Crown Resorts Hits Back at ‘Deceitful’ Media Campaign as Shares Plummet
Posted on: August 2, 2019, 06:33h.
Last updated on: August 2, 2019, 02:06h.
Embattled Australian casino giant Crown Resorts has hit back at its media detractors with full-page newspaper ads denouncing a “deceitful campaign” that has “unfairly attempted to damage its reputation.”
Crown’s share prices plummeted 7.7 percent on Monday and Tuesday in the wake of a documentary exposing allegedly untoward links with triad-connected junket operators, although they have since slightly rallied.
Among the allegations posed by Australia’s Channel Nine’s 60 Minutes show – and in subsequent reporting by newspapers owned by Nine Entertainment – was that Crown turned a blind eye to criminal elements within Macau-based junket groups that facilitated trips for Chinese high rollers to its Australian casinos.
Reports also claimed that Crown permitted money laundering while exploiting weaknesses in the Australian visa system to fast-track high rollers into the country without the appropriate checks and balances.
60 Minutes said its reporting was based on thousands of leaked internal Crown documents.
‘Unbalanced, Sensationalized’ ?
But in its newspaper advertisement, which was signed by individual members of the Crown board, the company claimed that “much of this unbalanced and sensationalized reporting is based on unsubstantiated allegations, exaggerations, unsupported connections and outright falsehoods.”
Much was sought to be made in the programme of the conduct of ‘Crown’s junket operators,’ it continued. “In fact, the junkets are not Crown’s. They are independent operators who arrange for their customers to visit many casinos globally. Crown deals with junkets and their customers in essentially the same way as other international casinos.”
Moreover, Crown emphasized that the Macau junkets are licensed and regulated by authorities in Macau, while casino regulators in Australia and elsewhere also vet their operations and their relationships with domestic casino operators.
Crown also has its own vetting process for the junkets, which includes probity, integrity, and police checks, as well as regular reviews of their operations.
Never Heard of ‘The Company’
Addressing specific examples of “poor or misleading journalism,” Crown noted 60 Minutes claimed that Chinese President Xi Jinping’s cousin, Ming Chai, was found on Crown’s private jet by Australian law enforcement authorities investigating money laundering, when, in fact, the jet was neither owned nor chartered by the company.
Meanwhile, 60 Minutes aired surveillance footage from 2012 that showed a man called Roy Moo allegedly receiving a bag stuffed with cash at a vegetable market. Moo worked for a junket operation that did business with Crown, and in December 2013, was convicted of money laundering.

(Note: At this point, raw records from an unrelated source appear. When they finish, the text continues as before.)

theorem theorem4p2:
  fixes V :: "'a set" and E :: "'a \<Rightarrow> 'a \<Rightarrow> bool" and T :: nat
    and x :: "'a \<Rightarrow> nat \<Rightarrow> real" and y :: "'a \<Rightarrow> 'a \<Rightarrow> nat \<Rightarrow> real" and z :: "nat \<Rightarrow> real"
  assumes "simple_graph V E" and "T \<ge> 1" and "TSM_feasible V E T x y z"
  defines "C \<equiv> {v \<in> V. x v 0 = 1}"
  shows "zero_forcing_set V E C
    \<and> (\<exists>Cs phi. (C, Cs, phi) \<in> zf_games_Z V E T)
    \<and> (\<exists>k. pt V E C = enat k \<and> real k = (\<Sum>t\<in>{1..T}. z t))"
proof -
  interpret tsm_solution V E T x y z
    using assms(1,3) by unfold_locales
  have "C = x_filled 0" by (simp add: C_def x_filled_def)
  then have "C \<subseteq> V" and filled_T: "filled V E C T = V"
    using x_filled_T x_filled_eq_filled[of T] by (auto simp: x_filled_def)
  then have "zero_forcing_set V E C"
    by (auto simp: zero_forcing_set_def)
  moreover have "(C, parallel_stages V E C, parallel_forces V E C) \<in> zf_games_Z V E T"
    using \<open>C \<subseteq> V\<close> filled_T by (rule parallel_game_in_zf_games_Z)
  moreover have "pt V E C = enat (card {t \<in> {1..T}. filled V E C t \<noteq> filled V E C (t - 1)})"
    using \<open>C \<subseteq> V\<close> filled_T by (rule pt_eq_card_changes)
  ultimately show ?thesis
    using sum_z_eq_card_changes \<open>C = x_filled 0\<close> by auto
qed

end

But Crown says there was no mention in the documentary that Moo was excluded from the Crown Melbourne of its own volition “more than six years ago.”
Moo was alleged by 60 Minutes to be working for a triad conglomerate called “The Company,” washing drug money through Crown Melbourne.
Crown notes that while there are extensive references in the 60 Minutes show to its own alleged criminal connections to “the Company,” it has had “no dealings or knowledge of any organisation of that name or description.”
Although not mentioned by Crown, casino security footage of Moo depositing the money at the cage, which is alleged to have come from the bag switch at the vegetable market, clearly shows him filling out a currency transaction report (CTR), which suggests Crown is complying with anti-money laundering procedures.
Visa Questions
Lastly, Crown asserts it has never “sought to circumvent visa requirements or compromise any process of identification or verification for immigration purposes.”
Australia’s Department of Home Affairs (DHA) has acknowledged that, from 2002 to 2016, it had an agreement in place with Crown to “facilitate quick visa processing of short-stay visas” for its high-net-worth clients, as it did with many international tourism companies.
Crown emphasized that it is a global tourism operator that makes a “major contribution to the Australian economy.”
Following the 60 Minutes report, Australia’s attorney general Christian Porter ordered the Commission for Law Enforcement Integrity (CLEI) to launch an investigation into whether Crown conspired with the DHA to bring known criminals into the country to gamble.